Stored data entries
(* Let $T, L, \ell$ be positive integers and let $\underline{C}, \overline{C}, \overline{V}, V$ be real numbers. Let $\mathcal{TK}=\{(t,k): t\in[1,T]_{\mathbb{Z}},\ k\in[\min\{t+L-1,T\},T]_{\mathbb{Z}}\}$. Consider the polytope $P$ in the variables $\alpha_t$ ($t\in[1,T]_{\mathbb{Z}}$), $\beta_{tk}$ ($(t,k)\in\mathcal{TK}$), $\gamma_{tk}$ ($t\in[L,T-\ell-1]_{\mathbb{Z}}$, $k\in[t+\ell+1,T]_{\mathbb{Z}}$), $\theta_t$ ($t\in[T-\ell,T]_{\mathbb{Z}}$) and $q^s_{tk}$ ($(t,k)\in\mathcal{TK}$, $s\in[t,k]_{\mathbb{Z}}$) defined by \begin{align*} &\textstyle\sum_{t=1}^{T}\alpha_t\le 1,\\ &\textstyle -\alpha_t+\sum_{k=t+L-1}^{T}\beta_{tk}-\sum_{k=L}^{t-\ell-1}\gamma_{kt}=0, && \forall t\in[1,T]_{\mathbb{Z}},\\ &\textstyle -\sum_{k=1}^{t-L+1}\beta_{kt}+\sum_{k=t+\ell+1}^{T}\gamma_{tk}\le 0, && \forall t\in[L,T-\ell-1]_{\mathbb{Z}},\\ &\textstyle \theta_t-\sum_{k=1}^{t-L+1}\beta_{kt}=0, && \forall t\in[T-\ell,T]_{\mathbb{Z}},\\ &\underline{C}\beta_{tk}\le q^s_{tk}\le \overline{C}\beta_{tk}, && \forall s\in[t,k]_{\mathbb{Z}},\ (t,k)\in\mathcal{TK},\\ &q^t_{tk}\le \overline{V}\beta_{tk}, && \forall (t,k)\in\mathcal{TK},\\ &q^k_{tk}\le \overline{V}\beta_{tk}, && \forall (t,k)\in\mathcal{TK} \text{ with } k\le T-1,\\ &q^{s-1}_{tk}-q^s_{tk}\le V\beta_{tk},\quad q^{s}_{tk}-q^{s-1}_{tk}\le V\beta_{tk}, && \forall s\in[t+1,k]_{\mathbb{Z}},\ (t,k)\in\mathcal{TK},\\ &\alpha,\beta,\gamma\ge 0. \end{align*} (Empty sums are zero.) Then every extreme point of $P$ has all of its $\alpha,\beta,\gamma,\theta$ coordinates in $\{0,1\}$.
   Context: For integers $a\le b$, $[a,b]_{\mathbb{Z}}=\{a,a+1,\dots,b\}$. In the paper's model, $T$ is the number of time periods, $L$ and $\ell$ are the minimum-up and minimum-down time limits of a generator, $\underline{C},\overline{C}$ its generation lower/upper bounds, $\overline{V}$ its start-up/shut-down ramp rate and $V$ its ramp rate. *)

theory Defs
  imports "HOL-Analysis.Analysis"
begin

datatype var = Alpha int | Beta int int | Gamma int int | Theta int | Q int int int

definition TK :: "int \<Rightarrow> int \<Rightarrow> (int \<times> int) set" where
  "TK T L = {(t,k). 1 \<le> t \<and> t \<le> T \<and> min (t + L - 1) T \<le> k \<and> k \<le> T}"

» **What to work on**
Write the records out in full, exactly as they read above.

» **Exercise output**
(* Let $T, L, \ell$ be positive integers and let $\underline{C}, \overline{C}, \overline{V}, V$ be real numbers. Let $\mathcal{TK}=\{(t,k): t\in[1,T]_{\mathbb{Z}},\ k\in[\min\{t+L-1,T\},T]_{\mathbb{Z}}\}$. Consider the polytope $P$ in the variables $\alpha_t$ ($t\in[1,T]_{\mathbb{Z}}$), $\beta_{tk}$ ($(t,k)\in\mathcal{TK}$), $\gamma_{tk}$ ($t\in[L,T-\ell-1]_{\mathbb{Z}}$, $k\in[t+\ell+1,T]_{\mathbb{Z}}$), $\theta_t$ ($t\in[T-\ell,T]_{\mathbb{Z}}$) and $q^s_{tk}$ ($(t,k)\in\mathcal{TK}$, $s\in[t,k]_{\mathbb{Z}}$) defined by \begin{align*} &\textstyle\sum_{t=1}^{T}\alpha_t\le 1,\\ &\textstyle -\alpha_t+\sum_{k=t+L-1}^{T}\beta_{tk}-\sum_{k=L}^{t-\ell-1}\gamma_{kt}=0, && \forall t\in[1,T]_{\mathbb{Z}},\\ &\textstyle -\sum_{k=1}^{t-L+1}\beta_{kt}+\sum_{k=t+\ell+1}^{T}\gamma_{tk}\le 0, && \forall t\in[L,T-\ell-1]_{\mathbb{Z}},\\ &\textstyle \theta_t-\sum_{k=1}^{t-L+1}\beta_{kt}=0, && \forall t\in[T-\ell,T]_{\mathbb{Z}},\\ &\underline{C}\beta_{tk}\le q^s_{tk}\le \overline{C}\beta_{tk}, && \forall s\in[t,k]_{\mathbb{Z}},\ (t,k)\in\mathcal{TK},\\ &q^t_{tk}\le \overline{V}\beta_{tk}, && \forall (t,k)\in\mathcal{TK},\\ &q^k_{tk}\le \overline{V}\beta_{tk}, && \forall (t,k)\in\mathcal{TK} \text{ with } k\le T-1,\\ &q^{s-1}_{tk}-q^s_{tk}\le V\beta_{tk},\quad q^{s}_{tk}-q^{s-1}_{tk}\le V\beta_{tk}, && \forall s\in[t+1,k]_{\mathbb{Z}},\ (t,k)\in\mathcal{TK},\\ &\alpha,\beta,\gamma\ge 0. \end{align*} (Empty sums are zero.) Then every extreme point of $P$ has all of its $\alpha,\beta,\gamma,\theta$ coordinates in $\{0,1\}$.
   Context: For integers $a\le b$, $[a,b]_{\mathbb{Z}}=\{a,a+1,\dots,b\}$. In the paper's model, $T$ is the number of time periods, $L$ and $\ell$ are the minimum-up and minimum-down time limits of a generator, $\underline{C},\overline{C}$ its generation lower/upper bounds, $\overline{V}$ its start-up/shut-down ramp rate and $V$ its ramp rate. *)

theory Defs
  imports "HOL-Analysis.Analysis"
begin

datatype var = Alpha int | Beta int int | Gamma int int | Theta int | Q int int int

definition TK :: "int \<Rightarrow> int \<Rightarrow> (int \<times> int) set" where
  "TK T L = {(t,k). 1 \<le> t \<and> t \<le> T \<and> min (t + L - 1) T \<le> k \<and> k \<le> T}"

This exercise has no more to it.